UEFI isn’t really any different to a traditional BIOS booting once you’ve got to GRUB (or your favourite bootloader). I never bothered with an initramfs pre or post UEFI so I’m curious what hurdles you faced with UEFI that necessitated an initramfs.
If you encrypt /boot, an unsigned initrd doesn’t matter. Grub has supported encrypted /boot for many years. So, probably not an issue for anyone using a device that is interactively unlocked by sitting in front of it, if it has been setup correctly. Although most of these devices will have “secure” boot disabled to allow suspend to disk anyway.
The only place unencrypted /boot is needed is remote hosts where you remotely unlock the encrypted disk via dropbear bundled in the initrd. These hosts are usually in a colo / are vms at some vps/cloud provider who could mess with you in many other ways than this particular evil maid attack.
The issue isn’t nothing, but it for the main use case of “secure” boot, a mobile laptop, it is mitigated by just encrypting /boot.
Possibly the real purpose of “secure” boot friction :
“Can we create a standard or expand something like ACPI, so Linux becomes unbootable on PCs?”
Bill Gates
Note that MS’s compiler for acpi stuff (used by bios vendors) generates broken garbage for hosts that state they are running linux, so linux has to claim it is windows when retrieving acpi stuff from the bios– so, there is a pretty obvious example of MS doing as BG requested.
If you don’t like PC and their standards which are made to run Windows (as demanded by 99,8% of users) then nobody is preventing you from doing your own thing using ARM, RISC-V, STM32 or MIPS.
Similar arguments were rose when Mozilla tried to break IE monopoly.
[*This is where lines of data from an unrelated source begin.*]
section \<open>Resident-minimal instances and their extensions\<close>

lemma resident_minimal_iff: "resident_minimal I \<longleftrightarrow> propI I = acceptable_pairs I"
  by (simp add: resident_minimal_def acceptable_pairs_def)

lemma rejI_resident_minimal:
  "valid_inst I \<Longrightarrow> resident_minimal I \<Longrightarrow> rejI I = {m. ousted I m (acceptable_pairs I)}"
  unfolding resident_minimal_iff rejI_def propI_def
  by (rule rejs_maximal_feasible[OF maximal_feasible_some_max])

lemma tentI_resident_minimal: "resident_minimal I \<Longrightarrow> tentI I = acceptable_pairs I - rejI I"
  by (simp add: resident_minimal_iff tentI_def tents_def propI_def rejI_def)

lemma pendI_unlisted: "pendI I = {(r, h) \<in> tentI I. r \<notin> set (hpref I h)}"
  by (simp add: pendI_def pends_def tentI_def)

lemma tentI_unique: "valid_inst I \<Longrightarrow> (r, h1) \<in> tentI I \<Longrightarrow> (r, h2) \<in> tentI I \<Longrightarrow> h1 = h2"
  unfolding tentI_def using feasible_tents_unique maximal_feasible_some_max maximal_feasible_def by metis

lemma rpref_resident_changeless:
  assumes "valid_inst I" "valid_inst J" "extension I J" "resident_changeless I J"
  shows "rpref J = rpref I"
proof
  fix r show "rpref J r = rpref I r"
    using assms unfolding valid_inst_def extension_def resident_changeless_def by (cases "r \<in> Rs I") auto
qed

lemma ousted_extension:
  assumes ext: "extension I J" and h: "h \<in> Hs I"
    and distinct: "distinct (hpref J h)" and listed: "r \<in> set (hpref J h)"
    and ousted: "ousted I (r, h) M"
  shows "ousted J (r, h) M"
proof -
  let ?L = "hpref I h" and ?Mh = "res_h h M"
  obtain ys where L': "hpref J h = ?L @ ys" and q: "quota J h = quota I h"
    using ext h unfolding extension_def prefix_def by blast
  have full: "card (set ?L \<inter> ?Mh) \<ge> quota I h"
    and before: "r \<notin> set ?L \<or> card {r' \<in> ?Mh. precedes ?L r' r} \<ge> quota I h"
    using ousted unfolding ousted_def by auto
  have "card (set ?L \<inter> ?Mh) \<le> card (set (hpref J h) \<inter> ?Mh)"
    unfolding L' by (rule card_mono) auto
  moreover have "card {r' \<in> ?Mh. precedes (hpref J h) r' r} \<ge> quota I h"
  proof (cases "r \<in> set ?L")
    case True
    have "card {r' \<in> ?Mh. precedes ?L r' r} \<le> card {r' \<in> ?Mh. precedes (hpref J h) r' r}"
      unfolding L' by (intro card_mono finite_predecessors) (auto intro: precedes_append_left)
    then show ?thesis using True before by simp
  next
    case False
    then have "r \<in> set ys" using listed L' by simp
    then have "card (set ?L \<inter> ?Mh) \<le> card {r' \<in> ?Mh. precedes (hpref J h) r' r}"
      unfolding L' by (intro card_mono finite_predecessors) (auto intro: precedes_append_across)
    then show ?thesis using full by simp
  qed
  ultimately show ?thesis
    using ousted full q listed unfolding ousted_def by auto
qed

locale complete_extension =
  fixes I J :: "('r, 'h) inst"
  assumes valid: "valid_inst I" and valid': "valid_inst J"
    and ext: "extension I J" and changeless: "resident_changeless I J"
    and complete: "hospital_complete J"
begin

lemma rpref_eq: "rpref J = rpref I"
  using rpref_resident_changeless valid valid' ext changeless by blast

lemma acceptable_pairs_eq: "acceptable_pairs J = acceptable_pairs I"
  by (simp add: acceptable_pairs_def rpref_eq)

lemma feasible_extension: "feasible I \<sigma> \<Longrightarrow> feasible J \<sigma>"
proof (induction rule: feasible.induct)
  case (feas_Rej \<sigma> r h)
  have "(r, h) \<in> acceptable_pairs I"
    using feas_Rej.hyps(1,2) feasible_props_acceptable ousted_mem by blast
  then have "r \<in> Rs I" "h \<in> Hs I" using acceptable_pairs_subset[OF valid] by auto
  moreover have "distinct (hpref J h)" "set (hpref J h) = Rs J"
    using valid' complete \<open>h \<in> Hs I\<close> ext
    unfolding valid_inst_def hospital_complete_def extension_def by auto
  ultimately have "ousted J (r, h) (props \<sigma>)"
    using ousted_extension[OF ext _ _ _ feas_Rej.hyps(2)] ext by (simp add: extension_def)
  then show ?case using feas_Rej by (intro feasible.feas_Rej)
qed (auto intro: feasible.intros simp: rpref_eq)

lemma set_some_max_extension: "set (some_max I) \<subseteq> set (some_max J)"
  using feasible_subset_maximal[OF feasible_extension maximal_feasible_some_max[OF valid']]
    maximal_feasible_some_max[OF valid] by (simp add: maximal_feasible_def)

lemma rejI_extension: "rejI I \<subseteq> rejI J"
  using set_some_max_extension by (auto simp: rejI_def rejs_def)

lemma resident_minimal_extension:
  assumes "resident_minimal I"
  shows "resident_minimal J"
proof -
  have "propI I \<subseteq> propI J" using set_some_max_extension by (auto simp: propI_def props_def)
  moreover have "propI J \<subseteq> acceptable_pairs J"
    unfolding propI_def
    using feasible_props_acceptable maximal_feasible_some_max[OF valid'] maximal_feasible_def by blast
  ultimately show ?thesis using assms acceptable_pairs_eq by (simp add: resident_minimal_iff)
qed

end

section \<open>Completing the hospital lists\<close>

definition list_of_set :: "'a set \<Rightarrow> 'a list" where
  "list_of_set S = (SOME xs. distinct xs \<and> set xs = S)"

lemma list_of_set: "finite S \<Longrightarrow> distinct (list_of_set S) \<and> set (list_of_set S) = S"
  unfolding list_of_set_def by (rule someI_ex) (metis finite_distinct_list)

locale general_prescription =
  fixes I :: "('r, 'h) inst" and P X :: "('r \<times> 'h) set"
  assumes valid: "valid_inst I" and presc: "gen_prescription I P X"
begin

lemma resident_minimal_I: "resident_minimal I"
  using presc by (simp add: gen_prescription_def)

lemma tentI_eq: "tentI I = acceptable_pairs I - rejI I"
  using tentI_resident_minimal[OF resident_minimal_I] .

lemma prescribed_subset: "P \<subseteq> Rs I \<times> Hs I" "P \<inter> acceptable_pairs I = {}" "X \<subseteq> tentI I"
  using presc resident_minimal_I by (auto simp: gen_prescription_def presc_base_def resident_minimal_iff)

lemma prescribed_unique: "(r, h) \<in> P \<Longrightarrow> (r, h') \<in> P \<Longrightarrow> h = h'"
  using presc by (auto simp: gen_prescription_def presc_base_def)

lemma res_prescribed_tentI: "res P \<inter> res (tentI I) \<subseteq> res X"
  using presc by (simp add: gen_prescription_def presc_base_def)

definition assigned :: "'h \<Rightarrow> 'r set" where
  "assigned h = res_h h (P \<union> (tentI I - X))"

lemma card_assigned:
  assumes "h \<in> Hs I"
  shows "card (assigned h) \<le> quota I h" and "res_h h X \<noteq> {} \<Longrightarrow> card (assigned h) = quota I h"
  using presc assms by (auto simp: gen_prescription_def presc_base_def assigned_def)

lemma precedes_listed_released:
  assumes "h \<in> Hs I" "a \<in> res_h h (P \<union> ((tentI I - pendI I) - X))" "b \<in> res_h h (X - pendI I)"
  shows "precedes (hpref I h) a b"
  using presc assms by (auto simp: gen_prescription_def)

lemma pending_released:
  "h \<in> Hs I \<Longrightarrow> res_h h (X - pendI I) \<noteq> {} \<Longrightarrow> res_h h (pendI I) \<subseteq> res_h h X"
  using presc by (auto simp: gen_prescription_def)

lemma assigned_subset: "assigned h \<subseteq> Rs I"
  using prescribed_subset(1) acceptable_pairs_subset[OF valid] tentI_eq
  by (auto simp: assigned_def res_h_def)

lemma finite_assigned: "finite (assigned h)"
  by (rule finite_subset[OF assigned_subset]) (use valid in \<open>simp add: valid_inst_def\<close>)

definition completed_pref :: "'h \<Rightarrow> 'r list" where
  "completed_pref h = (if h \<in> Hs I
     then hpref I h @ list_of_set (assigned h - set (hpref I h))
                    @ list_of_set (Rs I - set (hpref I h) - assigned h)
     else [])"

definition completion :: "('r, 'h) inst" where
  "completion = I\<lparr>hpref := completed_pref\<rparr>"

lemma completion_simps [simp]:
  "Rs completion = Rs I" "Hs completion = Hs I" "quota completion = quota I"
  "rpref completion = rpref I" "hpref completion = completed_pref"
  by (simp_all add: completion_def)

lemma completed_pref_split:
  assumes "h \<in> Hs I"
  obtains ys zs where "completed_pref h = hpref I h @ ys @ zs"
    "set ys = assigned h - set (hpref I h)" "set zs = Rs I - set (hpref I h) - assigned h"
    "distinct (completed_pref h)" "set (completed_pref h) = Rs I"
proof -
  let ?L = "hpref I h"
  let ?ys = "list_of_set (assigned h - set ?L)" and ?zs = "list_of_set (Rs I - set ?L - assigned h)"
  have fin: "finite (Rs I)" and L: "distinct ?L" "set ?L \<subseteq> Rs I"
    using valid assms unfolding valid_inst_def by auto
  have ys: "distinct ?ys" "set ?ys = assigned h - set ?L"
    using list_of_set finite_subset[OF _ fin] assigned_subset by (metis Diff_subset order_trans)+
  have zs: "distinct ?zs" "set ?zs = Rs I - set ?L - assigned h"
    using list_of_set fin by (metis finite_Diff)+
  have split: "completed_pref h = ?L @ ?ys @ ?zs"
    using assms by (simp add: completed_pref_def)
  show ?thesis
  proof (rule that[OF split ys(2) zs(2)])
    show "distinct (completed_pref h)" unfolding split using L(1) ys zs by auto
    show "set (completed_pref h) = Rs I" unfolding split using L(2) ys(2) zs(2) assigned_subset[of h] by auto
  qed
qed

lemma completion_valid: "valid_inst completion"
proof -
  have "distinct (completed_pref h) \<and> set (completed_pref h) \<subseteq> Rs I" if "h \<in> Hs I" for h
    by (rule completed_pref_split[OF that]) auto
  then show ?thesis using valid unfolding valid_inst_def by (simp add: completed_pref_def)
qed

sublocale complete_extension I completion
proof
  show "extension I completion"
    unfolding extension_def by (auto simp: prefix_def elim!: completed_pref_split)
  show "hospital_complete completion"
    unfolding hospital_complete_def by (auto elim: completed_pref_split)
qed (simp_all add: valid completion_valid resident_changeless_def)

lemma resident_minimal_completion: "resident_minimal completion"
  using resident_minimal_extension[OF resident_minimal_I] .

lemma propI_completion: "propI completion = acceptable_pairs I"
  using resident_minimal_completion acceptable_pairs_eq by (simp add: resident_minimal_iff)

lemma rejI_completion: "rejI completion = {m. ousted completion m (acceptable_pairs I)}"
  using rejI_resident_minimal[OF completion_valid resident_minimal_completion] acceptable_pairs_eq
  by simp

lemma tentI_completion: "tentI completion = acceptable_pairs I - rejI completion"
  using tentI_resident_minimal[OF resident_minimal_completion] acceptable_pairs_eq by simp

lemma precedes_assigned_released:
  assumes h: "h \<in> Hs I" and a: "a \<in> assigned h" and b: "(b, h) \<in> X"
  shows "precedes (completed_pref h) a b"
proof -
  obtain ys zs where split: "completed_pref h = hpref I h @ ys @ zs"
    and ys: "set ys = assigned h - set (hpref I h)" and zs: "set zs = Rs I - set (hpref I h) - assigned h"
    using completed_pref_split[OF h] by metis
  show ?thesis
  proof (cases "b \<in> set (hpref I h)")
    case True
    then have b_listed: "b \<in> res_h h (X - pendI I)" using b by (auto simp: pendI_unlisted res_h_def)
    then have "res_h h (pendI I) \<subseteq> res_h h X" using pending_released h by blast
    then have "a \<in> res_h h (P \<union> ((tentI I - pendI I) - X))" using a by (auto simp: assigned_def res_h_def)
    then have "precedes (hpref I h) a b" using precedes_listed_released h b_listed by blast
    then show ?thesis unfolding split by (rule precedes_append_left)
  next
    case False
    have "(b, h) \<in> acceptable_pairs I" using b prescribed_subset(3) tentI_eq by auto
    then have "b \<in> Rs I" "b \<notin> assigned h"
      using acceptable_pairs_subset[OF valid] prescribed_subset(2) b by (auto simp: assigned_def res_h_def)
    then have "b \<in> set zs" using False zs by auto
    moreover have "a \<in> set (hpref I h @ ys)" using a ys by auto
    ultimately show ?thesis unfolding split using precedes_append_across[of a "hpref I h @ ys" b zs] by simp
  qed
qed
If a standard if designed to block competition it’s never good for users.
That 99.8% figure is ignoring the server market, which uses the same standards.
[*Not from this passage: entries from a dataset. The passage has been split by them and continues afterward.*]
abbreviation similar_pair_loss :: "'d inst \<times> 'd inst \<Rightarrow> real" where
  "similar_pair_loss \<equiv> \<lambda>z. (Lcorr pip loss (g (fst z)) 1 + Lcorr pip loss (g (snd z)) 1) / 2"

abbreviation dissimilar_pair_loss :: "'d inst \<times> 'd inst \<Rightarrow> real" where
  "dissimilar_pair_loss \<equiv> \<lambda>z. (Lcorr pip loss (g (fst z)) (-1) + Lcorr pip loss (g (snd z)) (-1)) / 2"

abbreviation comparison_pair_loss :: "'d inst \<times> 'd inst \<Rightarrow> real" where
  "comparison_pair_loss \<equiv> \<lambda>z. loss (g (fst z)) 1 - pip * loss (g (fst z)) (-1)
                              + loss (g (snd z)) (-1) - (1 - pip) * loss (g (snd z)) 1"

lemma measurable_class_densities [measurable]:
  "pp \<in> borel_measurable borel" "pn \<in> borel_measurable borel"
  using pp_density pn_density by (auto simp: prob_density_def dest: borel_measurable_integrable)

lemma measurable_loss [measurable]:
  "(\<lambda>x. loss (g x) 1) \<in> borel_measurable borel" "(\<lambda>x. loss (g x) (-1)) \<in> borel_measurable borel"
  using measurable_compose[OF g_meas loss_meas] by auto

lemma measurable_Lcorr [measurable]:
  "(\<lambda>x. Lcorr pip loss (g x) 1) \<in> borel_measurable borel"
  "(\<lambda>x. Lcorr pip loss (g x) (-1)) \<in> borel_measurable borel"
  unfolding Lcorr_def minus_minus
  by (intro borel_measurable_diff borel_measurable_times borel_measurable_const measurable_loss)+

lemma integrable_mixture_loss_diff:
  assumes "t \<in> {-1, 1}"
  shows "integrable lborel (\<lambda>x. (a * pp x + b * pn x) * (c * loss (g x) t - d * loss (g x) (- t)))"
proof -
  have "- t \<in> {-1, 1}"
    using assms by auto
  moreover have "(a * pp x + b * pn x) * (c * loss (g x) t - d * loss (g x) (- t))
      = a * c * (pp x * loss (g x) t) + b * c * (pn x * loss (g x) t)
        - (a * d * (pp x * loss (g x) (- t)) + b * d * (pn x * loss (g x) (- t)))" for x
    by (simp add: algebra_simps)
  ultimately show ?thesis
    using assms finite_pos finite_neg by simp
qed

lemma integrable_mixture_Lcorr:
  "t \<in> {-1, 1} \<Longrightarrow> integrable lborel (\<lambda>x. (a * pp x + b * pn x) * Lcorr pip loss (g x) t)"
  unfolding Lcorr_def by (rule integrable_mixture_loss_diff)

lemma risk_eq_integral:
  "risk pip pp pn loss g = (\<integral>x. pip * pp x * loss (g x) 1 + (1 - pip) * pn x * loss (g x) (-1) \<partial>lborel)"
proof -
  have "integrable lborel (\<lambda>x. pip * pp x * loss (g x) 1)"
    using integrable_mixture_loss_diff[of 1 pip 0 1 0] by simp
  moreover have "integrable lborel (\<lambda>x. (1 - pip) * pn x * loss (g x) (-1))"
    using integrable_mixture_loss_diff[of "-1" 0 "1 - pip" 1 0] by simp
  ultimately show ?thesis
    by (simp add: risk_def pjoint_def mult.assoc integral_add)
qed

lemma
  shows prob_space_similar_law: "prob_space similar_law"
    and integrable_similar_pair_mean:
      "integrable similar_law similar_pair_loss"
    and integral_similar_pair_mean:
      "piS pip * integral\<^sup>L similar_law similar_pair_loss
        = (\<integral>x. (pip ^ 2 * pp x + (1 - pip) ^ 2 * pn x) * Lcorr pip loss (g x) 1 \<partial>lborel)"
proof -
  have piS: "0 < piS pip"
    using prior by (simp add: piS_def add_pos_nonneg)
  have weights: "0 \<le> pip ^ 2 / piS pip" "0 \<le> (1 - pip) ^ 2 / piS pip"
      "pip ^ 2 / piS pip + (1 - pip) ^ 2 / piS pip = 1"
    using piS by (auto simp: piS_def add_divide_distrib[symmetric])
  have Lcorr_int: "integrable lborel (\<lambda>x. pp x * Lcorr pip loss (g x) 1)"
      "integrable lborel (\<lambda>x. pn x * Lcorr pip loss (g x) 1)"
    using integrable_mixture_Lcorr[of 1 1 0] integrable_mixture_Lcorr[of 1 0 1] by simp_all
  show "prob_space similar_law"
    unfolding pS_def
    by (intro prob_space_density_lborel prob_density_product_mixture pp_density pn_density weights)
  show "integrable similar_law similar_pair_loss"
    unfolding pS_def using pp_density pn_density weights Lcorr_int
    by (intro integrable_density_product_mixture_mean) auto
  have "integral\<^sup>L similar_law similar_pair_loss
      = (\<integral>x. (pip ^ 2 / piS pip * (pp x + pp x) + (1 - pip) ^ 2 / piS pip * (pn x + pn x)) / 2
            * Lcorr pip loss (g x) 1 \<partial>lborel)"
    unfolding pS_def using pp_density pn_density weights Lcorr_int
    by (intro integral_density_product_mixture_mean) auto
  then have "piS pip * integral\<^sup>L similar_law similar_pair_loss
      = (\<integral>x. piS pip * ((pip ^ 2 / piS pip * (pp x + pp x) + (1 - pip) ^ 2 / piS pip * (pn x + pn x)) / 2
            * Lcorr pip loss (g x) 1) \<partial>lborel)"
    by simp
  also have "\<dots> = (\<integral>x. (pip ^ 2 * pp x + (1 - pip) ^ 2 * pn x) * Lcorr pip loss (g x) 1 \<partial>lborel)"
    by (intro Bochner_Integration.integral_cong) (use piS in \<open>simp_all add: field_simps\<close>)
  finally show "piS pip * integral\<^sup>L similar_law similar_pair_loss
        = (\<integral>x. (pip ^ 2 * pp x + (1 - pip) ^ 2 * pn x) * Lcorr pip loss (g x) 1 \<partial>lborel)" .
qed

lemma
  shows prob_space_dissimilar_law: "prob_space dissimilar_law"
    and integrable_dissimilar_pair_mean:
      "integrable dissimilar_law dissimilar_pair_loss"
    and integral_dissimilar_pair_mean:
      "piD pip * integral\<^sup>L dissimilar_law dissimilar_pair_loss
        = (\<integral>x. (pip * (1 - pip) * pp x + pip * (1 - pip) * pn x) * Lcorr pip loss (g x) (-1) \<partial>lborel)"
proof -
  have weights: "0 \<le> (1/2 :: real)" "1/2 + 1/2 = (1 :: real)"
    by simp_all
  have Lcorr_int: "integrable lborel (\<lambda>x. pp x * Lcorr pip loss (g x) (-1))"
      "integrable lborel (\<lambda>x. pn x * Lcorr pip loss (g x) (-1))"
    using integrable_mixture_Lcorr[of "-1" 1 0] integrable_mixture_Lcorr[of "-1" 0 1] by simp_all
  show "prob_space dissimilar_law"
    unfolding pD_def
    by (intro prob_space_density_lborel prob_density_product_mixture pp_density pn_density weights)
  show "integrable dissimilar_law dissimilar_pair_loss"
    unfolding pD_def using pp_density pn_density Lcorr_int
    by (intro integrable_density_product_mixture_mean) auto
  have "integral\<^sup>L dissimilar_law dissimilar_pair_loss
      = (\<integral>x. (1/2 * (pp x + pn x) + 1/2 * (pn x + pp x)) / 2 * Lcorr pip loss (g x) (-1) \<partial>lborel)"
    unfolding pD_def using pp_density pn_density Lcorr_int
    by (intro integral_density_product_mixture_mean) auto
  then have "piD pip * integral\<^sup>L dissimilar_law dissimilar_pair_loss
      = (\<integral>x. piD pip * ((1/2 * (pp x + pn x) + 1/2 * (pn x + pp x)) / 2 * Lcorr pip loss (g x) (-1)) \<partial>lborel)"
    by simp
  also have "\<dots> = (\<integral>x. (pip * (1 - pip) * pp x + pip * (1 - pip) * pn x) * Lcorr pip loss (g x) (-1) \<partial>lborel)"
    by (intro Bochner_Integration.integral_cong) (simp_all add: piD_def field_simps)
  finally show "piD pip * integral\<^sup>L dissimilar_law dissimilar_pair_loss
        = (\<integral>x. (pip * (1 - pip) * pp x + pip * (1 - pip) * pn x) * Lcorr pip loss (g x) (-1) \<partial>lborel)" .
qed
But yeah, even with secure boot available, PC is a lot easier to run different operating systems on than practically any other platform.
I fail to find anything novel in the PHP SQL injection case. Using “SELECT $col …” means that you are not using a prepared statement after all. It is your responsibility to ensure that $col is safe…
“Clorox outsourced their IT, and therefore can’t be blamed.” Saving money and can’t be blamed? That’s most triumphant. Except we take and find that:
“Clorox’s IT operations are handled by an internal IT department, headed by Chau Banks, the Senior Vice President and Chief Information and Data Officer. Clorox’s IT department is responsible for managing its IT infrastructure, systems, and data.”
Clorox and Cognizant was 2023.
Sharepoint deserialization exploit uses heap grooming, so the attacker doesn’t even need to deal with CET, pkey, MTE, NX, and ASLR as long as they use forward-edge primitives.
The IBM X-Force paper from BH is showing latest MS heap manager security is still just cookies, and the actual segment management is carried over from 7
Intel’s Clear Linux action is something people say can only happen to community driven products. Support from big company was supposed to be a guarantee of predictable live process.